Рассмотрение дела в совестном суде, – а спор шел с сильными
людьми и спорили об очень больших деньгах, – закончилось полной
победой Шелихова. Немалое значение в таком исходе сыграло заявление
Шелихова, которое он сделал в начале разбирательства.
Образ убитого Хватайки, уткнувшегося лицом в мусор загаженного
охотского амбара, не раз вставал перед Шелиховым, он будто напоминал
ему о чем-то большом и важном, что Шелихов так и не удосужился
продумать. Шелихов, рассказывая о злоключениях, выпавших ему на долю в
Охотске, утаил от Натальи Алексеевны, чем кончилась история с
Хватайкой, зато об убийстве храпа он поведал Селивонову, и хотя
Селивонов не придал этому событию никакого значения, мореход все время
тревожился, что история со смертью Лучка вдруг дойдет до жены, а от
жены так просто не отделаешься.
И вот на суде он начал свое слово голосом более взволнованным,
чем хотел допустить:
– Господа примирители и судьи, дозвольте сказать! Погоня за
деньгами, прижим людей денег ради до добра не доводят, – из жизни
испытал. Справедливости, токмо справедливости ищу! В товарищах моих по
плаванию, коим мы достигли великой перед отечеством заслуги, имел я
редкую удачу, а компанионы наши, из дому не выходя, приобрели
неимоверные выгоды. Неужто мореходам и зверобоям, равно и сиротам и
вдовицам тех отцов и мужей, кои померли в непереносных испытаниях,
мочно отказать в малом награждении за кровь, за гибель?! Не поверю,
зная сердце и слова всемилостивейшей государыни! – ткнул Шелихов
кулаком в полотнище, висевшее над столом судей.

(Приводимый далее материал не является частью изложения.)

(* Let $k\leq n/2$ and let $L\subseteq \{w\in\{0,1\}^n : |w|_1=k\}$ be a nonempty language. Then $\mathrm{rpn}(L) \geq n k^{\Omega(\log k)} \cdot |L|/\binom{n}{k}$.
   Context: $|w|_1$ is the number of ones in $w$. Regular expressions are built from $\epsilon$ and letters by union and concatenation (no $\emptyset$); $\mathrm{rpn}(L)$ is the minimum number of syntax-tree nodes of an expression describing $L$. Logarithms are base 2. *)

theory Defs
  imports Complex_Main
begin

datatype 'a rexp = Eps | Lit 'a | Union "'a rexp" "'a rexp" | Concat "'a rexp" "'a rexp"

fun lang :: "'a rexp \<Rightarrow> 'a list set" where
  "lang Eps = {[]}"
| "lang (Lit a) = {[a]}"
| "lang (Union r s) = lang r \<union> lang s"
| "lang (Concat r s) = {u @ v | u v. u \<in> lang r \<and> v \<in> lang s}"

fun rsize :: "'a rexp \<Rightarrow> nat" where
  "rsize Eps = 1"
| "rsize (Lit a) = 1"
| "rsize (Union r s) = 1 + rsize r + rsize s"
| "rsize (Concat r s) = 1 + rsize r + rsize s"

definition rpn :: "'a list set \<Rightarrow> nat" where
  "rpn L = (LEAST m. \<exists>r. lang r = L \<and> rsize r = m)"

text \<open>Binary words: True = 1, False = 0. Number of ones.\<close>
definition ones :: "bool list \<Rightarrow> nat" where
  "ones w = length (filter id w)"

end

(*
  Every node of an expression for a subset of a slice (all words with o ones and z zeros)
  denotes a subset of a slice itself.  With G m = exp ((ln m)^2 / 2000) = m^\<Omega>(log m) and the
  potential w(o, z) = (o + z) + m * G m, m = min o z, induction on the expression gives
  |L| * w(o, z) \<le> size * (o + z choose o): unions are subadditive, and for a concatenation of
  the slices (o1, z1) and (o2, z2) the product (o1 + z1 choose o1) * (o2 + z2 choose o2) is
  only one term of Vandermonde's convolution for (o + z choose o).  Comparing it with the
  neighbouring terms shows that it is a small enough fraction of the whole to pay for the
  growth of w.

  For a slice of words of length n \<ge> 2k with k ones, restrict the expression to a set S of
  2k positions: it then describes the words of L whose ones lie in S, seen as words of the
  balanced slice (k, k), with at most twice as many nodes as it has literals in S.  Averaging
  over all S yields rpn L * (n choose k) \<ge> n * G k * |L| / 4, and G k is the 8th power of
  k powr (c * log 2 k) for c = ln 2 / 16000.
*)

theory Submission
  imports Defs
begin
(* Let $u_1,\dots,u_n$ be Boolean variables and $C_1,\dots,C_m$ clauses, each consisting of exactly 3 literals over these variables. Let $G$ be the graph with vertex set $\{x_i,u_i,v_i,\bar u_i,y_i:1\le i\le n\}\cup\{c_j:1\le j\le m\}\cup\{s_1,s_2,s_3,s_4,t\}$ and the following edges: for each $i$, $x_iu_i$, $u_iv_i$, $v_i\bar u_i$, $\bar u_iy_i$; for each $j$, an edge from $c_j$ to $u_i$ (resp. $\bar u_i$) whenever the literal $u_i$ (resp. $\bar u_i$) appears in $C_j$; for each $j$ and each $s\in\{s_1,s_3,s_4\}$, the edge $sc_j$; the edges $s_1s_2,s_3s_2,s_4s_2$; the edges $ts_1,ts_3,ts_4$; and the edges $tu_i$, $t\bar u_i$ for all $i$. Then (a) $\tilde\gamma_c(G-e)\le 3n+2$ for every edge $e\in E(G)$, and (b) $\tilde\gamma_c(G)=3n+1$ if and only if $b_{OCD}(G)=1$. Consequently, $\{C_1,\dots,C_m\}$ is satisfiable if and only if $b_{OCD}(G)=1$.
   Context: All graphs are finite and simple. A set $S\subseteq V$ is a dominating set of $G=(V,E)$ if every vertex not in $S$ is adjacent to a vertex of $S$. A set $\tilde D\subseteq V$ is an outer-connected dominating set of $G$ if $\tilde D$ is dominating and the induced subgraph $G[V\setminus\tilde D]$ is connected (the empty graph counts as connected). $\tilde\gamma_c(G)$ denotes the minimum size of an outer-connected dominating set of $G$. For a graph $G$ without isolated vertices, $b_{OCD}(G)$ is the minimum number of edges whose removal from $G$ yields a graph $G'$ with $\tilde\gamma_c(G')>\tilde\gamma_c(G)$. A collection of clauses is satisfiable if some truth assignment makes every clause contain a true literal. *)

theory Defs
  imports Main
begin

definition dominating_set :: "'a set \<Rightarrow> 'a set set \<Rightarrow> 'a set \<Rightarrow> bool" where
  "dominating_set V E S \<longleftrightarrow> S \<subseteq> V \<and> (\<forall>v \<in> V - S. \<exists>s \<in> S. {v, s} \<in> E)"
(* Let $\mathcal C$ be a finite set of vectors in $\mathbb R^N$. Let $\{x_n\}\subset\mathbb R^N_{>0}$ be a partially monotonic sequence such that $\lim_{n\to\infty}x_{n,i}\in\{0,\infty\}$ for at least one $i\in\{1,\dots,N\}$. Let $U=\{i:\lim_{n\to\infty}x_{n,i}=0\}$ and $V=\{j:\lim_{n\to\infty}x_{n,j}=\infty\}$. Suppose $\mathcal C$ is partitioned along $\{x_n\}$ with tiers $T_1,\dots,T_P$ and some constant $C$. Then there exists a conservation relation $w\in\mathbb R^N$ that respects the triple $(U,V,\{T_i\})$.
   Context: For $u\in\mathbb R^N_{\ge0}$, $v\in\mathbb R^N$, $u^v=u_1^{v_1}\cdots u_N^{v_N}$ (with $0^0=1$). A partition of $\mathcal C$ is a collection of nonempty pairwise disjoint subsets with union $\mathcal C$. $\mathcal C$ is partitioned along $\{x_n\}$ if there exist a partition $\{T_i\}_{i=1}^P$ of $\mathcal C$ (tiers) and a constant $C>1$ such that (i) if $y_j,y_k\in T_i$ then $\frac1C x_n^{y_j}\le x_n^{y_k}\le Cx_n^{y_j}$ for all $n$, and (ii) if $y_j\in T_i$, $y_k\in T_{i+m}$ with $m\ge1$, then $x_n^{y_j}/x_n^{y_k}\to\infty$ as $n\to\infty$. A sequence $\{x_n\}\subset\mathbb R^N_{>0}$ is partially monotonic if $x_{n,i}\ge x_{n+1,i}$ for all $n$ for each $i$ with $\liminf_n x_{n,i}=0$, and $x_{n,j}\le x_{n+1,j}$ for all $n$ for each $j$ with $\limsup_n x_{n,j}=\infty$. The positive support of $w\in\mathbb R^N$ is $\{i:w_i>0\}$, the negative support is $\{i:w_i<0\}$. For $U,V\subset\{1,\dots,N\}$ with $U\cup V$ nonempty, $w\in\mathbb R^N$ is a conservation relation that respects the triple $(U,V,\{T_i\})$ if $U$ is exactly the positive support of $w$, $V$ is exactly the negative support of $w$, and $w\cdot(y_j-y_\ell)=0$ whenever $y_j,y_\ell$ lie in the same tier $T_i$. *)

theory Defs
  imports "HOL-Analysis.Analysis"
begin

definition monpow :: "real^'n \<Rightarrow> real^'n \<Rightarrow> real" where
  "monpow u v = (\<Prod>i\<in>UNIV. if u $ i = 0 then (if v $ i = 0 then 1 else 0) else (u $ i) powr (v $ i))"

text \<open>Tiers are indexed 0..<P (paper: 1..P), in the given order.\<close>
definition is_partition_idx :: "nat \<Rightarrow> (nat \<Rightarrow> 'a set) \<Rightarrow> 'a set \<Rightarrow> bool" where
  "is_partition_idx P T C \<longleftrightarrow>
     (\<forall>i<P. T i \<noteq> {}) \<and>
     (\<forall>i<P. \<forall>j<P. i \<noteq> j \<longrightarrow> T i \<inter> T j = {}) \<and>
     (\<Union>i<P. T i) = C"

definition partitioned_along_with ::
  "(real^'n) set \<Rightarrow> (nat \<Rightarrow> real^'n) \<Rightarrow> nat \<Rightarrow> (nat \<Rightarrow> (real^'n) set) \<Rightarrow> real \<Rightarrow> bool" where
  "partitioned_along_with C x P T K \<longleftrightarrow>
     is_partition_idx P T C \<and> K > 1 \<and>
     (\<forall>i<P. \<forall>yj\<in>T i. \<forall>yk\<in>T i. \<forall>n.
        monpow (x n) yj / K \<le> monpow (x n) yk \<and> monpow (x n) yk \<le> K * monpow (x n) yj) \<and>
     (\<forall>i m. m \<ge> 1 \<longrightarrow> i + m < P \<longrightarrow> (\<forall>yj\<in>T i. \<forall>yk\<in>T (i + m).
        filterlim (\<lambda>n. monpow (x n) yj / monpow (x n) yk) at_top sequentially))"

definition partially_monotonic :: "(nat \<Rightarrow> real^'n) \<Rightarrow> bool" where
  "partially_monotonic x \<longleftrightarrow>
     (\<forall>i. liminf (\<lambda>n. ereal (x n $ i)) = 0 \<longrightarrow> (\<forall>n. x n $ i \<ge> x (Suc n) $ i)) \<and>
     (\<forall>j. limsup (\<lambda>n. ereal (x n $ j)) = \<infinity> \<longrightarrow> (\<forall>n. x n $ j \<le> x (Suc n) $ j))"

definition respects_conservation ::
  "real^'n \<Rightarrow> 'n set \<Rightarrow> 'n set \<Rightarrow> nat \<Rightarrow> (nat \<Rightarrow> (real^'n) set) \<Rightarrow> bool" where
  "respects_conservation w U V P T \<longleftrightarrow>
     U \<union> V \<noteq> {} \<and>
     {i. w $ i > 0} = U \<and> {i. w $ i < 0} = V \<and>
     (\<forall>i<P. \<forall>yj\<in>T i. \<forall>yl\<in>T i. inner w (yj - yl) = 0)"

end

theory Submission
  imports Defs
begin

text \<open>
  Pass to logarithmic coordinates L n = (ln (x n $ i))_i, so that every monomial
  becomes monpow (x n) y = exp (y \<bullet> L n).  Condition (i) of the tier partition says that for
  every difference d = y - y' of two vectors in a common tier the sequence d \<bullet> L n is bounded,
  and boundedness propagates to the whole span W of these differences.  On the other hand,
  along the coordinates in U the sequence L n tends to -\<infinity>, along V to +\<infinity>, and the remaining
  coordinates stay bounded (partial monotonicity).  Hence a vector d with d_i \<ge> 0 on U and
  d_i \<le> 0 on V that is nonzero somewhere on U \<union> V makes d \<bullet> L n tend to -\<infinity>; so W contains no
  such vector.  A Stiemke-type theorem of the alternative, proved by separating a subspace
  from a simplex, then yields a vector orthogonal to W with positive support exactly U and
  negative support exactly V: the required conservation relation.
\<close>

lemma convex_hull_signed_axes:
  fixes s :: "'n::finite \<Rightarrow> real" and S :: "'n set"
  assumes unit: "\<forall>i\<in>S. s i * s i = 1"
    and z: "z \<in> convex hull ((\<lambda>i. s i *\<^sub>R axis i 1) ` S)"
  shows "(\<forall>j\<in>S. 0 \<le> s j * z $ j) \<and> (\<Sum>j\<in>S. s j * z $ j) = 1"
proof -
  define H where "H = {z :: real^'n. (\<forall>j\<in>S. 0 \<le> s j * z $ j) \<and> (\<Sum>j\<in>S. s j * z $ j) = 1}"
  have "convex H"
    unfolding H_def convex_def
    by (auto simp: algebra_simps sum.distrib simp flip: sum_distrib_left)
  moreover have "(\<lambda>i. s i *\<^sub>R axis i 1) ` S \<subseteq> H"
    using unit by (auto simp: H_def axis_def if_distrib cong: if_cong)
  ultimately have "convex hull ((\<lambda>i. s i *\<^sub>R axis i 1) ` S) \<subseteq> H"
    by (rule hull_minimal[rotated])
  with z show ?thesis unfolding H_def by blast
qed

lemma span_axes_vanish:
  fixes q :: "real^'n"
  assumes "q \<in> span ((\<lambda>i. axis i 1) ` (- S))" "j \<in> S"
  shows "q $ j = 0"
  using assms(1)
proof (rule span_induct)
  show "subspace {v :: real^'n. v $ j = 0}" unfolding subspace_def by auto
qed (use assms(2) in \<open>auto simp: axis_def\<close>)

lemma subspace_orthogonal_if_bounded_above:
  fixes E :: "'a::real_inner set"
  assumes "subspace E" "\<forall>e\<in>E. inner a e < b" "e \<in> E"
  shows "inner a e = 0"
proof (rule ccontr)
  assume ne: "inner a e \<noteq> 0"
  have "((b + 1) / inner a e) *\<^sub>R e \<in> E" using assms by (simp add: subspace_scale)
  with assms(2) have "inner a (((b + 1) / inner a e) *\<^sub>R e) < b" by blast
  with ne show False by simp
qed

lemma signed_simplex_avoids_extended_subspace:
  fixes W :: "(real^'n) set" and U V :: "'n set"
  assumes W: "subspace W" and disj: "U \<inter> V = {}"
    and no_sign_vector: "\<forall>z\<in>W. (\<forall>i\<in>U. 0 \<le> z $ i) \<and> (\<forall>i\<in>V. z $ i \<le> 0)
                             \<longrightarrow> (\<forall>i\<in>U \<union> V. z $ i = 0)"
  shows "span (W \<union> (\<lambda>i. axis i 1) ` (- (U \<union> V)))
           \<inter> convex hull ((\<lambda>i. (if i \<in> V then -1 else 1) *\<^sub>R axis i 1) ` (U \<union> V)) = {}"
proof (rule ccontr)
  define S where "S = U \<union> V"
  define s where "s i = (if i \<in> V then -1 else 1 :: real)" for i
  have unit: "\<forall>i\<in>S. s i * s i = 1" by (simp add: s_def)
  assume "\<not> ?thesis"
  then obtain z where "z \<in> span (W \<union> (\<lambda>i. axis i 1) ` (- S))"
    and z_hull: "z \<in> convex hull ((\<lambda>i. s i *\<^sub>R axis i 1) ` S)"
    unfolding S_def s_def by blast
  then obtain p q where pq: "z = p + q" "p \<in> span W" "q \<in> span ((\<lambda>i. axis i 1) ` (- S))"
    unfolding span_Un by blast
  have "p \<in> W" using pq(2) span_eq_iff[THEN iffD2, OF W] by blast
  have pz: "p $ j = z $ j" if "j \<in> S" for j
    using span_axes_vanish[OF pq(3) that] pq(1) by simp
  have hull: "(\<forall>j\<in>S. 0 \<le> s j * z $ j) \<and> (\<Sum>j\<in>S. s j * z $ j) = 1"
    using convex_hull_signed_axes[OF unit z_hull] .
  have signs: "(\<forall>i\<in>U. 0 \<le> p $ i) \<and> (\<forall>i\<in>V. p $ i \<le> 0)"
  proof (intro conjI ballI)
    fix i assume "i \<in> U"
    then have "i \<in> S" "s i = 1" using disj by (auto simp: S_def s_def)
    then show "0 \<le> p $ i" using hull pz[of i] by auto
  next
    fix i assume "i \<in> V"
    then have "i \<in> S" "s i = -1" by (auto simp: S_def s_def)
    then show "p $ i \<le> 0" using hull pz[of i] by auto
  qed
  have "\<forall>j\<in>S. p $ j = 0"
    using no_sign_vector \<open>p \<in> W\<close> signs unfolding S_def by blast
  then have "(\<Sum>j\<in>S. s j * z $ j) = 0"
    using pz by (intro sum.neutral) simp
  with hull show False by simp
qed

text \<open>Proved by separating the sets of the
  previous lemma by a hyperplane.\<close>
lemma stiemke_alternative_sign_pattern:
  fixes W :: "(real^'n) set" and U V :: "'n set"
  assumes W: "subspace W" and disj: "U \<inter> V = {}" and ne: "U \<union> V \<noteq> {}"
    and no_sign_vector: "\<forall>z\<in>W. (\<forall>i\<in>U. 0 \<le> z $ i) \<and> (\<forall>i\<in>V. z $ i \<le> 0)
                             \<longrightarrow> (\<forall>i\<in>U \<union> V. z $ i = 0)"
  shows "\<exists>a. (\<forall>z\<in>W. inner a z = 0) \<and> {i. 0 < a $ i} = U \<and> {i. a $ i < 0} = V"
proof -
  define S where "S = U \<union> V"
  define s where "s i = (if i \<in> V then -1 else 1 :: real)" for i
  define E where "E = span (W \<union> (\<lambda>i. axis i (1::real)) ` (- S))"
  define Dl where "Dl = convex hull ((\<lambda>i. s i *\<^sub>R axis i (1::real)) ` S)"
  have "subspace E" unfolding E_def by (rule subspace_span)
  have "compact Dl" "convex Dl" "Dl \<noteq> {}"
    using ne by (auto simp: Dl_def S_def compact_convex_hull finite_imp_compact)
  moreover have "E \<inter> Dl = {}"
    using signed_simplex_avoids_extended_subspace[OF W disj no_sign_vector]
    unfolding E_def Dl_def S_def s_def .
  ultimately obtain a b where ab: "\<forall>e\<in>E. inner a e < b" "\<forall>z\<in>Dl. b < inner a z"
    using separating_hyperplane_closed_compact[of E Dl] \<open>subspace E\<close>
    by (meson closed_subspace subspace_imp_convex)
  have aE: "inner a e = 0" if "e \<in> E" for e
    using subspace_orthogonal_if_bounded_above[OF \<open>subspace E\<close> ab(1) that] .
  have "0 < b" using ab(1) \<open>subspace E\<close> by (metis inner_zero_right subspace_0)
  have on_S: "0 < s i * a $ i" if "i \<in> S" for i
  proof -
    have "s i *\<^sub>R axis i 1 \<in> Dl" unfolding Dl_def using that by (intro hull_inc) auto
    then have "b < inner a (s i *\<^sub>R axis i 1)" using ab(2) by blast
    with \<open>0 < b\<close> show ?thesis by (simp add: inner_axis)
  qed
  have off_S: "a $ i = 0" if "i \<notin> S" for i
  proof -
    have "axis i 1 \<in> E" unfolding E_def using that by (intro span_base) auto
    from aE[OF this] show ?thesis by (simp add: inner_axis)
  qed
  have "0 < a $ i" if "i \<in> U" for i
    using on_S[of i] that disj by (auto simp: S_def s_def split: if_splits)
  moreover have "a $ i < 0" if "i \<in> V" for i
    using on_S[of i] that by (simp add: S_def s_def)
  moreover have "a $ i = 0" if "i \<notin> U" "i \<notin> V" for i
    using off_S[of i] that by (simp add: S_def)
  ultimately have "{i. 0 < a $ i} = U" "{i. a $ i < 0} = V"
    using disj by fastforce+
  moreover have "\<forall>z\<in>W. inner a z = 0" using aE by (auto simp: E_def intro: span_base)
  ultimately show ?thesis by blast
qed
lemma outer_unitary_conj: "U ** outer b ** cadj U = outer (U *v b)"
  unfolding outer_def cadj_def matrix_matrix_mult_def matrix_vector_mult_def
  by (simp add: vec_eq_iff sum_distrib_left sum_distrib_right algebra_simps cnj_sum;
      subst sum.swap; simp add: sum_distrib_left sum_distrib_right algebra_simps)

lemma norm_outer_minus_scaled_id:
  assumes "norm (c::complex^'a) = 1"
  shows "norm (outer c - (1 / real CARD('a)) *\<^sub>R mat 1) = sqrt (1 - 1 / real CARD('a))"
proof -
  define d where "d = real CARD('a)"
  define s where "s i = (cmod (c$i))\<^sup>2" for i
  have d_pos: "d > 0"
    unfolding d_def by simp
  have sum_s: "(\<Sum>i\<in>UNIV. s i) = 1"
    using assms norm_vec_power2[of c] unfolding s_def by simp
  then have sum_s_mult: "(\<Sum>i\<in>UNIV. s i * x) = x" for x
    by (simp add: sum_distrib_right[symmetric])
  have entry: "(cmod ((outer c - (1 / d) *\<^sub>R mat 1) $ i $ j))\<^sup>2
      = s i * s j - (if i = j then 2 * s i / d - 1 / d\<^sup>2 else 0)" for i j
  proof (cases "i = j")
    case True
    have "(outer c - (1 / d) *\<^sub>R mat 1) $ j $ j = c$j * cnj (c$j) - (1 / d) *\<^sub>R 1"
      unfolding outer_def mat_def by simp
    also have "\<dots> = complex_of_real (s j - 1 / d)"
      unfolding s_def by (simp add: complex_norm_square scaleR_conv_of_real del: of_real_power)
    finally have "(cmod ((outer c - (1 / d) *\<^sub>R mat 1) $ j $ j))\<^sup>2 = (s j - 1 / d)\<^sup>2"
      by (simp only: norm_of_real power2_abs)
    with d_pos show ?thesis
      unfolding True by (simp add: power2_eq_square field_simps)
  next
    case False
    then show ?thesis
      unfolding outer_def mat_def s_def by (simp add: norm_mult power_mult_distrib)
  qed
  have "(norm (outer c - (1 / d) *\<^sub>R mat 1))\<^sup>2
      = (\<Sum>i\<in>UNIV. \<Sum>j\<in>UNIV. s i * s j) - (\<Sum>i\<in>UNIV. 2 * s i / d - 1 / d\<^sup>2)"
    unfolding norm_vec_power2 entry by (simp add: sum_subtractf sum.delta)
  also have "\<dots> = 1 - 1 / d"
    using d_pos
    by (simp add: sum_product[symmetric] sum_s sum_s_mult sum_subtractf sum_divide_distrib[symmetric]
        sum_distrib_left[symmetric] d_def power2_eq_square field_simps)
  finally show ?thesis
    unfolding d_def by (simp add: real_sqrt_unique)
qed

lemma tensor_mult: "tensor A B ** tensor C D = tensor (A ** C) (B ** D)"
  unfolding tensor_def matrix_matrix_mult_def
  by (simp add: vec_eq_iff sum_UNIV_prod sum_product algebra_simps)

lemma norm_tensor: "norm (tensor A B) = norm A * norm B"
proof -
  have "(norm (tensor A B))\<^sup>2 = (norm A * norm B)\<^sup>2"
    unfolding power_mult_distrib norm_vec_power2 tensor_def
    by (simp add: sum_UNIV_prod sum_product norm_mult power_mult_distrib)
  then show ?thesis
    by (simp add: power2_eq_iff_nonneg)
qed

interpretation tensor: bounded_bilinear tensor
proof
  show "tensor (A + A') B = tensor A B + tensor A' B"
    and "tensor A (B + B') = tensor A B + tensor A B'"
    and "tensor (r *\<^sub>R A) B = r *\<^sub>R tensor A B"
    and "tensor A (r *\<^sub>R B) = r *\<^sub>R tensor A B"
    for A A' :: "complex^'a^'a" and B B' :: "complex^'b^'b" and r
    by (simp_all add: tensor_def vec_eq_iff algebra_simps)
  show "\<exists>K. \<forall>A B. norm (tensor A B) \<le> norm A * norm B * K"
    by (rule exI[of _ 1]) (simp add: norm_tensor)
qed

lemma linear_ptraceA: "linear ptraceA"
  by (rule linearI) (simp_all add: ptraceA_def vec_eq_iff sum.distrib scaleR_sum_right)

lemma ptraceA_tensor_outer:
  assumes "norm a = 1"
  shows "ptraceA (tensor (outer a) B) = B"
proof -
  have "(\<Sum>i\<in>UNIV. a$i * cnj (a$i)) = 1"
    using of_real_norm_power2_cvec[of a] assms by simp
  then show ?thesis
    unfolding ptraceA_def tensor_def outer_def
    by (simp add: vec_eq_iff sum_distrib_right[symmetric])
qed

lemma tensor_mixture_diff:
  assumes "(\<Sum>k\<in>K. w k *\<^sub>R B k) = (\<Sum>k\<in>K. w k *\<^sub>R B' k)"
  shows "(\<Sum>k\<in>K. w k *\<^sub>R tensor (A k) (B k)) - (\<Sum>k\<in>K. w k *\<^sub>R tensor (A k) (B' k))
    = (\<Sum>k\<in>K. w k *\<^sub>R tensor (A k - C) (B k - B' k))"
proof -
  have "tensor C (\<Sum>k\<in>K. w k *\<^sub>R (B k - B' k)) = 0"
    using assms by (simp add: scaleR_diff_right sum_subtractf tensor.zero_right)
  then have cancel: "(\<Sum>k\<in>K. w k *\<^sub>R tensor C (B k - B' k)) = 0"
    by (simp add: tensor.sum_right tensor.scaleR_right)
  have "(\<Sum>k\<in>K. w k *\<^sub>R tensor (A k) (B k)) - (\<Sum>k\<in>K. w k *\<^sub>R tensor (A k) (B' k))
      = (\<Sum>k\<in>K. w k *\<^sub>R tensor (A k) (B k - B' k))"
    by (simp add: tensor.diff_right scaleR_diff_right sum_subtractf)
  also have "\<dots> = (\<Sum>k\<in>K. w k *\<^sub>R tensor (A k - C) (B k - B' k))
      + (\<Sum>k\<in>K. w k *\<^sub>R tensor C (B k - B' k))"
    by (simp add: tensor.diff_left scaleR_diff_right sum_subtractf)
  finally show ?thesis
    by (simp add: cancel)
qed

lemma norm_sum_scaleR_le:
  assumes "\<forall>k\<in>K. w k \<ge> 0" and "\<forall>k\<in>K. norm (X k) \<le> s"
  shows "norm (\<Sum>k\<in>K. w k *\<^sub>R X k) \<le> (\<Sum>k\<in>K. w k) * s"
proof -
  have "norm (\<Sum>k\<in>K. w k *\<^sub>R X k) \<le> (\<Sum>k\<in>K. norm (w k *\<^sub>R X k))"
    by (rule norm_sum)
  also have "\<dots> \<le> (\<Sum>k\<in>K. w k * s)"
    using assms by (intro sum_mono) (simp add: mult_left_mono)
  finally show ?thesis
    by (simp add: sum_distrib_right)
qed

Стена совестного суда украшалась, как предписано было указом,
крупной выпиской на полотнище принципов, взятых напрокат у великих
гуманистов прошлого.
– "Человеколюбием, почтением к особе ближнего и отвращением от
угнетения", – раздельно прочитал Шелихов выцветшие буквы. – Увеличения
прибытков в деньгах не домогаюсь, удовольствуюсь своей долей, ежели
господа старшие компанионы уступят мне захудалые кораблики, на коих
завоевал я отечеству славу, да еще одну долю уступят на награждение
добытчиков сверх контракта.
На этом условии Шелихов уже достиг соглашения с Голиковым, но
Лебедев ни в чем уступать не хотел.
Так как одна из противных сторон и истец желали закончить спор
мирным соглашением, совестные судьи вынесли решение: две десятых общей
добычи выделить на вознаграждение "работных" компанионов, одну десятую
оставить за Шелиховым и передать ему в собственность корабли, на
которых он плавал; остаток огромной наживы разделить между старшими
компанионами, сохранив оговоренные в первоначальном договоре доли
участия: Ивану Голикову с племянником Михаилом – шесть долей, Лебедеву
– три. Голиков и Лебедев сочли себя "ограбленными" таким приговором
совестного суда, но решили примириться и отыграться на Гришке в
дальнейшем.
– Богат, богат, Наташенька, и делу хозяин – корабли мне отданы! -
влетел Шелихов домой, на ходу сбрасывая шляпу и гремучий кортик, с
которыми, одетый в камзол, он явился в суд, чтобы внушить судьям
мысль, сколь значительна разница между мореходом – государевым слугой
– и купцами-аршинниками в длиннополых кафтанах.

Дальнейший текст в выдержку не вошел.